Il faudrait à la population de la terre, une demi planète de plus pour satisfaire les besoins de l’humanité dans le rythme actuel des consommations des ressources naturelles. Les êtres humains demandent moitié plus à la planète qu’elle ne peut fournir.

Le Rapport Planète Vivante 2012 a été lancé mardi dernier dans l’espace par l’astronaute néerlandais André Kuipers. Un document établi tous les deux ans et qui nous met face à une réalité : la terre supporte une pression extrême en raison de la consommation, toujours croissante, des ressources naturelles. A l’horizon 2030, il faudrait l’équivalent de deux planètes, sinon davantage, pour répondre aux besoins de l’humanité. Le déclin de la biodiversité se situe à 30% au niveau mondial entre 1970 et 2008. La situation est encore plus alarmante dans les zones tropicales et dans les pays les plus pauvres du monde où ce déclin atteint 60%. Or, la biodiversité fournit à l’homme la quasi-totalité les ressources nécessaires en matière de santé, d’alimentation, pour ne citer que cela.
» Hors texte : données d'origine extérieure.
lemma bipartite_no_triangle:
  assumes "bipartite V E" "{x, y} \<in> E" "{y, z} \<in> E"
  shows "{x, z} \<notin> E"
proof
  assume "{x, z} \<in> E"
  obtain A B where AB: "A \<inter> B = {}"
    and sides: "\<forall>e\<in>E. card (e \<inter> A) = 1 \<and> card (e \<inter> B) = 1"
    using assms(1) unfolding bipartite_def by blast
  have "a \<in> A \<longleftrightarrow> b \<notin> A" if "{a, b} \<in> E" for a b
    using bipartite_edge_crosses[OF AB] sides that by blast
  then have "x \<in> A \<longleftrightarrow> y \<notin> A" "y \<in> A \<longleftrightarrow> z \<notin> A" "x \<in> A \<longleftrightarrow> z \<notin> A"
    using assms(2,3) \<open>{x, z} \<in> E\<close> by blast+
  then show False by blast
qed

lemma matching_edges: "matching E M \<Longrightarrow> M \<subseteq> E"
  unfolding matching_def by simp

lemma matching_disjoint: "matching E M \<Longrightarrow> e \<in> M \<Longrightarrow> f \<in> M \<Longrightarrow> e \<noteq> f \<Longrightarrow> e \<inter> f = {}"
  unfolding matching_def by simp

lemma matching_subset: "matching E M \<Longrightarrow> P \<subseteq> M \<Longrightarrow> matching E P"
  unfolding matching_def by (meson subset_trans subsetD)

lemma matching_Un:
  assumes "matching E M" "matching E N" "\<Union>M \<inter> \<Union>N = {}"
  shows "matching E (M \<union> N)"
  unfolding matching_def
proof (intro conjI ballI impI)
  show "M \<union> N \<subseteq> E" using matching_edges[OF assms(1)] matching_edges[OF assms(2)] by simp
next
  fix e f assume ef: "e \<in> M \<union> N" "f \<in> M \<union> N" "e \<noteq> f"
  have cross: "e \<inter> f = {}" if "e \<in> M" "f \<in> N" for e f using assms(3) that by blast
  from ef consider "e \<in> M" "f \<in> M" | "e \<in> N" "f \<in> N" | "e \<in> M" "f \<in> N" | "f \<in> M" "e \<in> N"
    by blast
  then show "e \<inter> f = {}"
    using cross[of e f] cross[of f e] matching_disjoint[OF assms(1), of e f]
      matching_disjoint[OF assms(2), of e f] ef(3)
    by cases (simp_all add: Int_commute)
qed

lemma matching_eq_if_subset:
  assumes M': "matching E M'" and "{} \<notin> E" "M \<subseteq> M'" "\<Union>M' = \<Union>M"
  shows "M' = M"
proof (intro equalityI subsetI)
  fix f assume f: "f \<in> M'"
  then have "f \<noteq> {}" using matching_edges[OF M'] \<open>{} \<notin> E\<close> by auto
  then obtain x where "x \<in> f" by auto
  then obtain e where e: "e \<in> M" "x \<in> e" using f assms(4) by auto
  then have "e = f" using matching_disjoint[OF M' _ f] \<open>x \<in> f\<close> \<open>M \<subseteq> M'\<close> by auto
  then show "f \<in> M" using e by simp
qed (use assms(3) in auto)

lemma uniquely_restrictedD:
  "uniquely_restricted E M \<Longrightarrow> matching E M' \<Longrightarrow> \<Union>M' = \<Union>M \<Longrightarrow> M' = M"
  unfolding uniquely_restricted_def by simp

lemma uniquely_restricted_subset:
  assumes ur: "uniquely_restricted E M" and "{} \<notin> E" and "P \<subseteq> M"
  shows "uniquely_restricted E P"
proof -
  have M: "matching E M" using ur unfolding uniquely_restricted_def by simp
  have "M' = P" if M': "matching E M'" and U: "\<Union>M' = \<Union>P" for M'
  proof -
    have "\<Union>P \<inter> \<Union>(M - P) = {}"
      using matching_disjoint[OF M] \<open>P \<subseteq> M\<close> by fastforce
    then have "matching E (M' \<union> (M - P))"
      using matching_Un[OF M' matching_subset[OF M]] U by simp
    moreover have "\<Union>(M' \<union> (M - P)) = \<Union>M" using U \<open>P \<subseteq> M\<close> by auto
    ultimately have "M' \<union> (M - P) = M" by (rule uniquely_restrictedD[OF ur])
    then have "P \<subseteq> M'" using \<open>P \<subseteq> M\<close> by blast
    then show "M' = P" using matching_eq_if_subset[OF M' \<open>{} \<notin> E\<close> _ U] by simp
  qed
  then show ?thesis using matching_subset[OF M \<open>P \<subseteq> M\<close>] unfolding uniquely_restricted_def by simp
qed

locale ordered_bipartite_graph =
  fixes V :: "'a set" and E :: "'a set set" and r :: "'a rel"
  assumes simple: "simple_graph V E"
    and bipartite: "bipartite V E"
    and ordering: "transitive_vertex_ordering V E r"
begin

lemma r_trans: "(x, y) \<in> r \<Longrightarrow> (y, z) \<in> r \<Longrightarrow> (x, z) \<in> r"
  using ordering unfolding transitive_vertex_ordering_def strict_linear_order_on_def trans_def
  by blast

lemma r_irrefl: "(x, x) \<notin> r"
  using ordering unfolding transitive_vertex_ordering_def strict_linear_order_on_def irrefl_def
  by blast

lemma r_total: "x \<in> V \<Longrightarrow> y \<in> V \<Longrightarrow> x \<noteq> y \<Longrightarrow> (x, y) \<in> r \<or> (y, x) \<in> r"
  using ordering unfolding transitive_vertex_ordering_def strict_linear_order_on_def total_on_def
  by blast

lemma r_field: "(x, y) \<in> r \<Longrightarrow> x \<in> V \<and> y \<in> V"
  using ordering unfolding transitive_vertex_ordering_def by blast

lemma edge_doubleton: "e \<in> E \<Longrightarrow> \<exists>u v. e = {u, v} \<and> u \<noteq> v \<and> u \<in> V \<and> v \<in> V"
  using simple unfolding simple_graph_def by blast

lemma empty_not_edge: "{} \<notin> E"
  using edge_doubleton by blast

lemma edge_vertices: "{u, v} \<in> E \<Longrightarrow> u \<in> V \<and> v \<in> V \<and> u \<noteq> v"
  using edge_doubleton by (metis doubleton_eq_iff)

lemma no_monotone_path:
  assumes "(u, v) \<in> r" "(v, w) \<in> r" "{u, v} \<in> E"
  shows "{v, w} \<notin> E"
proof
  assume "{v, w} \<in> E"
  moreover have "u \<in> V" "v \<in> V" "w \<in> V" using r_field assms(1,2) by auto
  ultimately have "{u, w} \<in> E"
    using ordering assms unfolding transitive_vertex_ordering_def by blast
  then show False using bipartite_no_triangle[OF bipartite assms(3) \<open>{v, w} \<in> E\<close>] by blast
qed

lemma edge_splits:
  assumes "(u, v) \<in> r" "(v, w) \<in> r" "{u, w} \<in> E"
  shows "{u, v} \<in> E \<or> {v, w} \<in> E"
proof -
  have "u \<in> V" "v \<in> V" "w \<in> V" using r_field assms(1,2) by auto
  then show ?thesis using ordering assms unfolding transitive_vertex_ordering_def by blast
qed

lemma edge_splits_right:
  assumes "(a, b) \<in> r" "(b, c) \<in> r" "{a, c} \<in> E" "(b, d) \<in> r" "{b, d} \<in> E"
  shows "{b, c} \<in> E"
  using edge_splits[OF assms(1-3)] no_monotone_path[OF assms(1,4)] assms(5) by blast

lemma edge_splits_left:
  assumes "(a, b) \<in> r" "(b, c) \<in> r" "{a, c} \<in> E" "(d, b) \<in> r" "{d, b} \<in> E"
  shows "{a, b} \<in> E"
  using edge_splits[OF assms(1-3)] no_monotone_path[OF assms(4,2,5)] by blast

lemma neighbour_left:
  assumes "(v, u) \<in> r" "{v, u} \<in> E" "{x, u} \<in> E"
  shows "(x, u) \<in> r"
  using no_monotone_path[of v u x] r_total[of u x] edge_vertices[OF assms(3)] assms
  by (auto simp: insert_commute)

lemma lft_doubleton:
  assumes "(u, v) \<in> r"
  shows "lft r {u, v} = u"
  unfolding lft_def
proof (rule the_equality)
  show "u \<in> {u, v} \<and> (\<forall>w\<in>{u, v}. w \<noteq> u \<longrightarrow> (u, w) \<in> r)" using assms by simp
next
  fix w assume "w \<in> {u, v} \<and> (\<forall>x\<in>{u, v}. x \<noteq> w \<longrightarrow> (w, x) \<in> r)"
  then have "w = u \<or> (v, u) \<in> r" by auto
  then show "w = u" using r_trans[OF assms] r_irrefl by blast
qed

end

locale sorted_matching = ordered_bipartite_graph +
  fixes es :: "'a set list"
  assumes matching: "matching E (set es)"
    and sorted: "sorted_wrt (\<lambda>e f. (lft r e, lft r f) \<in> r) es"
begin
A Madagascar, cette perte de la biodiversité se manifeste surtout par une déforestation galopante. La démographie qui l’est tout autant, n’est pas pour atténuer les pressions exercées sur les ressources naturelles. « Un tarissement des ressources est à craindre en l’absence de démarches sérieuses de préservation », souligne alors Richard Hugues, représentant de WWF à Madagascar, faisant référence à la situation tant mondiale que locale. Tout en affirmant, toutefois que les solutions existent, en rapport avec consommation raisonnable des ressources, la gouvernance et le partage du capital naturel de la planète. En somme, il est plus que temps que l’homme change de cap et agisse en faveur de la préservation et de la gestion équitable des ressources naturelles. Ces solutions sont exposées dans la perspective One Planet du WWF.

Rappelons que le Rapport Planète Vivante, document établi tous les deux ans, est destiné à documenter l’état de la planète en analysant l’évolution de l’état de la biodiversité, des écosystèmes et de la pression humaine sur les ressources naturelles. Des travaux d’exploration des implications de ces changements pour la diversité et les sociétés humaines ont également été menés dont les résultats sont présentés dans le document, diffusé à l’échelle planétaire.